The CO2X IR temperature sensor doesn't behave like it should. I turned the variable resistor while pointing the sensor out to the room until it tripped, turn it back a quater turn to untrip it, put my hand infront of it and it didn't trip. Then I tried 1/8th of a turn (still required a quarter turn from the tripping point to untrip the alarm), still couldn't trip it. Eventually I turned the resistor so close to the tripping point and still was not able to trip it with my hand. We didn't have this problem with the CO2Y IR sensor we installed last week. We are suspecting bad sensor and now looking for a spare. Hope to try again next Tuesday (given the spare sensor is found). The sensor mount has been installed on the viewport.

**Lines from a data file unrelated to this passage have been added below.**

lemma card_le_card_shift_nbhd:
  assumes "K \<subseteq> M"
  shows "card K \<le> card (shift_nbhd K)"
proof -
  have "card K = card (f ` K)" using inj assms by (simp add: card_image inj_on_subset)
  also have "\<dots> \<le> card (shift_nbhd K)"
    using shift_nbhd_subset[OF assms] finite_M by (intro card_mono) (auto intro: finite_subset simp: shift_nbhd_def)
  finally show ?thesis .
qed

lemma card_add_card_shift_nbhd_le:
  assumes "shift_separated M f K L"
  shows "card K + card (shift_nbhd L) \<le> card M"
proof -
  have sub: "K \<subseteq> M" "shift_nbhd L \<subseteq> M" using assms shift_nbhd_subset unfolding shift_separated_def by auto
  have "K \<inter> shift_nbhd L = {}" using assms unfolding shift_separated_def shift_nbhd_def by blast
  then have "card K + card (shift_nbhd L) = card (K \<union> shift_nbhd L)"
    using sub finite_M by (simp add: card_Un_disjoint finite_subset)
  also have "\<dots> \<le> card M" using sub finite_M by (intro card_mono) auto
  finally show ?thesis .
qed

lemma card_add_card_le:
  assumes "shift_separated M f K L"
  shows "card K + card L \<le> card M"
  using card_add_card_shift_nbhd_le[OF assms] card_le_card_shift_nbhd[of L] assms
  unfolding shift_separated_def by linarith

lemma obtain_preimage:
  assumes "v \<in> M"
  obtains x where "x \<in> M" "f x = v"
  using assms surj by (metis imageE)

lemma two_le_card_shift_nbhd:
  assumes "K \<subseteq> M" "v \<in> K"
  shows "2 \<le> card (shift_nbhd K)"
proof -
  obtain x where x: "x \<in> M" "f x = v" using obtain_preimage assms by blast
  have "f v \<noteq> x" using no_period_2[OF x(1)] x(2) by (auto simp: numeral_2_eq_2)
  then have "card {f v, x} = 2" by simp
  moreover have "{f v, x} \<subseteq> shift_nbhd K" using assms x unfolding shift_nbhd_def by auto
  ultimately show ?thesis
    using card_mono[of "shift_nbhd K" "{f v, x}"] shift_nbhd_subset[OF assms(1)] finite_M
    by (metis finite_subset)
qed

lemma three_le_card_shift_nbhd:
  assumes "K \<subseteq> M" "card K = 2" "5 \<le> card M"
  shows "3 \<le> card (shift_nbhd K)"
proof -
  obtain v0 v1 where v: "K = {v0, v1}" "v0 \<noteq> v1" using assms(2) card_2_iff by metis
  then have vM: "v0 \<in> M" "v1 \<in> M" using assms(1) by auto
  obtain x0 x1 where x: "x0 \<in> M" "f x0 = v0" "x1 \<in> M" "f x1 = v1"
    using obtain_preimage vM by metis
  have "f v0 \<noteq> f v1" using inj vM v(2) by (auto dest: inj_onD)
  moreover have "f v0 \<noteq> x0" "f v1 \<noteq> x1"
    using no_period_2 x by (auto simp: numeral_2_eq_2)
  moreover have "\<not> (x0 = f v1 \<and> x1 = f v0)"
    using no_period_4[OF assms(3) vM(1)] x by (auto simp: numeral_eq_Suc)
  ultimately obtain T where "card T = 3" "T \<subseteq> {f v0, f v1, x0, x1}"
    by (metis (no_types, lifting) card_3_iff insert_mono subset_insertI)
  moreover have "{f v0, f v1, x0, x1} \<subseteq> shift_nbhd K" using v x unfolding shift_nbhd_def by auto
  ultimately show ?thesis
    using card_mono[of "shift_nbhd K" T] shift_nbhd_subset[OF assms(1)] finite_M
    by (metis finite_subset order.trans)
qed

text \<open>Both neighbours of \<open>K\<close> avoid its shift neighbourhood, whose size is at least
  \<open>max (card K) 2\<close>, and at least \<open>3\<close> when \<open>card K = 2\<close> and \<open>5 \<le> card M\<close>; this suffices when \<open>card M \<le> 6\<close>.\<close>
lemma triple_bound:
  assumes "card M \<le> 6" "shift_separated M f K1 K2" "shift_separated M f K3 K2" "K2 \<noteq> {}"
  shows "2 * (card K1 + card K2 + card K3) \<le> 3 * card M"
proof -
  have K2: "K2 \<subseteq> M" using assms(2) unfolding shift_separated_def by blast
  let ?n = "card (shift_nbhd K2)"
  have outer: "card K1 + ?n \<le> card M" "card K3 + ?n \<le> card M"
    using card_add_card_shift_nbhd_le assms(2,3) by blast+
  have "card M + 2 * card K2 \<le> 4 * ?n"
  proof -
    have "card K2 \<le> ?n" using card_le_card_shift_nbhd[OF K2] .
    moreover have "2 \<le> ?n" using two_le_card_shift_nbhd[OF K2] assms(4) by blast
    moreover have "card K2 \<noteq> 0" using assms(4) K2 finite_M by (simp add: finite_subset)
    ultimately consider "card K2 = 1" | "card K2 = 2" "5 \<le> card M" | "card M \<le> 2 * card K2"
      using assms(1) by linarith
    then show ?thesis
    proof cases
      case 2
      then show ?thesis using three_le_card_shift_nbhd[OF K2] assms(1) by linarith
    qed (use \<open>card K2 \<le> ?n\<close> \<open>2 \<le> ?n\<close> assms(1) in linarith)+
  qed
  then show ?thesis using outer unfolding distrib_left by linarith
qed

lemma chain_bound:
  assumes "card M \<le> 6" "2 \<le> length ys" "successively (\<lambda>u v. shift_separated M f (K u) (K v)) ys"
    "\<forall>y\<in>set ys. K y \<noteq> {}"
  shows "2 * (\<Sum>y\<leftarrow>ys. card (K y)) \<le> length ys * card M"
  using assms(2-)
proof (induction ys rule: induct_list012)
  case (3 x y zs)
  have xy: "card (K x) + card (K y) \<le> card M"
    using card_add_card_le "3.prems"(2) by simp
  show ?case
  proof (cases zs)
    case Nil
    then show ?thesis using xy by simp
  next
    case (Cons z zs')
    show ?thesis
    proof (cases zs')
      case Nil
      have "shift_separated M f (K z) (K y)"
        using "3.prems"(2) Cons unfolding shift_separated_def by auto
      then have "2 * (card (K x) + card (K y) + card (K z)) \<le> 3 * card M"
        using triple_bound[OF assms(1)] "3.prems" Cons by simp
      then show ?thesis using Cons Nil by simp
    next
      case (Cons _ _)
      then have "2 * (\<Sum>y\<leftarrow>zs. card (K y)) \<le> length zs * card M"
        using "3.IH"(1) "3.prems" \<open>zs = z # zs'\<close> by (simp add: successively_Cons)
      then show ?thesis using xy by (simp add: algebra_simps)
    qed
  qed
qed simp_all

end

section \<open>Cycles\<close>

definition cyclic_walk :: "('a \<Rightarrow> 'a \<Rightarrow> bool) \<Rightarrow> 'a list \<Rightarrow> bool" where
  "cyclic_walk adj cy \<longleftrightarrow> cy \<noteq> [] \<and> successively adj cy \<and> adj (last cy) (hd cy)"

lemma cyclic_walk_rotate1:
  assumes "cyclic_walk adj cy"
  shows "cyclic_walk adj (rotate1 cy)"
proof (cases cy)
  case (Cons x xs)
  then show ?thesis
    using assms by (cases xs) (auto simp: cyclic_walk_def successively_append_iff simp flip: append_Cons)
qed (use assms in \<open>simp add: cyclic_walk_def\<close>)

lemma cyclic_walk_rotate: "cyclic_walk adj cy \<Longrightarrow> cyclic_walk adj (rotate n cy)"
  by (induction n) (simp_all add: cyclic_walk_rotate1)

definition cycle_succ :: "'a list \<Rightarrow> 'a \<Rightarrow> 'a" where
  "cycle_succ cy x = cy ! (Suc (THE i. i < length cy \<and> cy ! i = x) mod length cy)"

lemma cycle_succ_nth:
  assumes "distinct cy" "i < length cy"
  shows "cycle_succ cy (cy ! i) = cy ! (Suc i mod length cy)"
proof -
  have "(THE j. j < length cy \<and> cy ! j = cy ! i) = i"
    using assms by (auto simp: nth_eq_iff_index_eq)
  then show ?thesis unfolding cycle_succ_def by simp
qed

lemma funpow_cycle_succ_nth:
  assumes "distinct cy" "i < length cy"
  shows "(cycle_succ cy ^^ k) (cy ! i) = cy ! ((i + k) mod length cy)"
proof (induction k)
  case (Suc k)
  have "(i + k) mod length cy < length cy" using assms(2) by (intro mod_less_divisor) linarith
  then show ?case
    using Suc cycle_succ_nth[OF assms(1)] by (simp add: mod_Suc_eq)
qed (use assms in simp)

lemma cyclic_walk_obtain_path_to:
  assumes "distinct cy" "cyclic_walk adj cy" "c \<in> set cy"
  obtains w where "is_path adj w" "set w = set cy" "last w = c" "hd w = cycle_succ cy c"
proof -
  obtain i where i: "i < length cy" "cy ! i = c" using assms(3) by (metis in_set_conv_nth)
  have ne: "cy \<noteq> []" using assms(3) by auto
  define w where "w = rotate (Suc i) cy"
  have "cyclic_walk adj w" unfolding w_def by (rule cyclic_walk_rotate[OF assms(2)])
  then have "is_path adj w" "set w = set cy"
    using assms(1) unfolding w_def is_path_iff_successively cyclic_walk_def by auto
  moreover have "hd (rotate i cy) = c" using hd_rotate_conv_nth[OF ne, of i] i by simp
  then have "last w = c"
    unfolding w_def using ne by (cases "rotate i cy") auto
  moreover have "hd w = cycle_succ cy c"
    unfolding w_def using hd_rotate_conv_nth[OF ne, of "Suc i"] cycle_succ_nth[OF assms(1) i(1)] i(2)
    by (simp del: rotate_Suc)
  ultimately show ?thesis using that by blast
qed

New ASC model was installed.

SDF showed more than 6000 channels that are not available in the frame. These were either deleted in this model uptate (entire Initial Alignment System, some Alignment Dither System signals etc.) or obsolete channels from long time ago (e.g. all ASC-ALS signals that were moved to ALS model a long time ago).

Betsy made a new snapshot and we confired everything in SDF for new channels.

Note that the ASC MEDM screen is NOT updated. Functionality of the new model is exactly the same as before (new things introduced at LLO are terminated at the top level at LHO except new dither system).

A few SDF bugs for the next upgrade please:

1)  Today, in SDF I needed to UNMONITOR 2000 channels on H1 LSCAUX.  However the SELECT ALL - MON button at the top of the column of 40-per-page does not let you mass-select channels from the the FULL TABLE view.  You can only mass-select from the DIFF table.  However, if there are no diffs on the channels, they don't show up.  Likely this is because the FULL LIST is a mixed bag of monitored and unmonitored channels.  Maybe we need to add a MONITORED table to the drop down options?

2)  Sometimes channels get moved into the CHANS NOT MON list with or without a setpoint.  (See attached.)  Probably not a big deal, but annoyingly inconsistent.  Today, I moved many of the channels shown in the attached picture to the not mon list and only some of them have a setpoint.

While looking at a few big glitches, I noticed that many have a curious post-glitch feature around 300Hz.  The post-glitch ring seems to match the periscope frequencies we usually see noise at... could this be a hint as to the source of some of our glitches?  Maybe this was fixed last night, maybe not.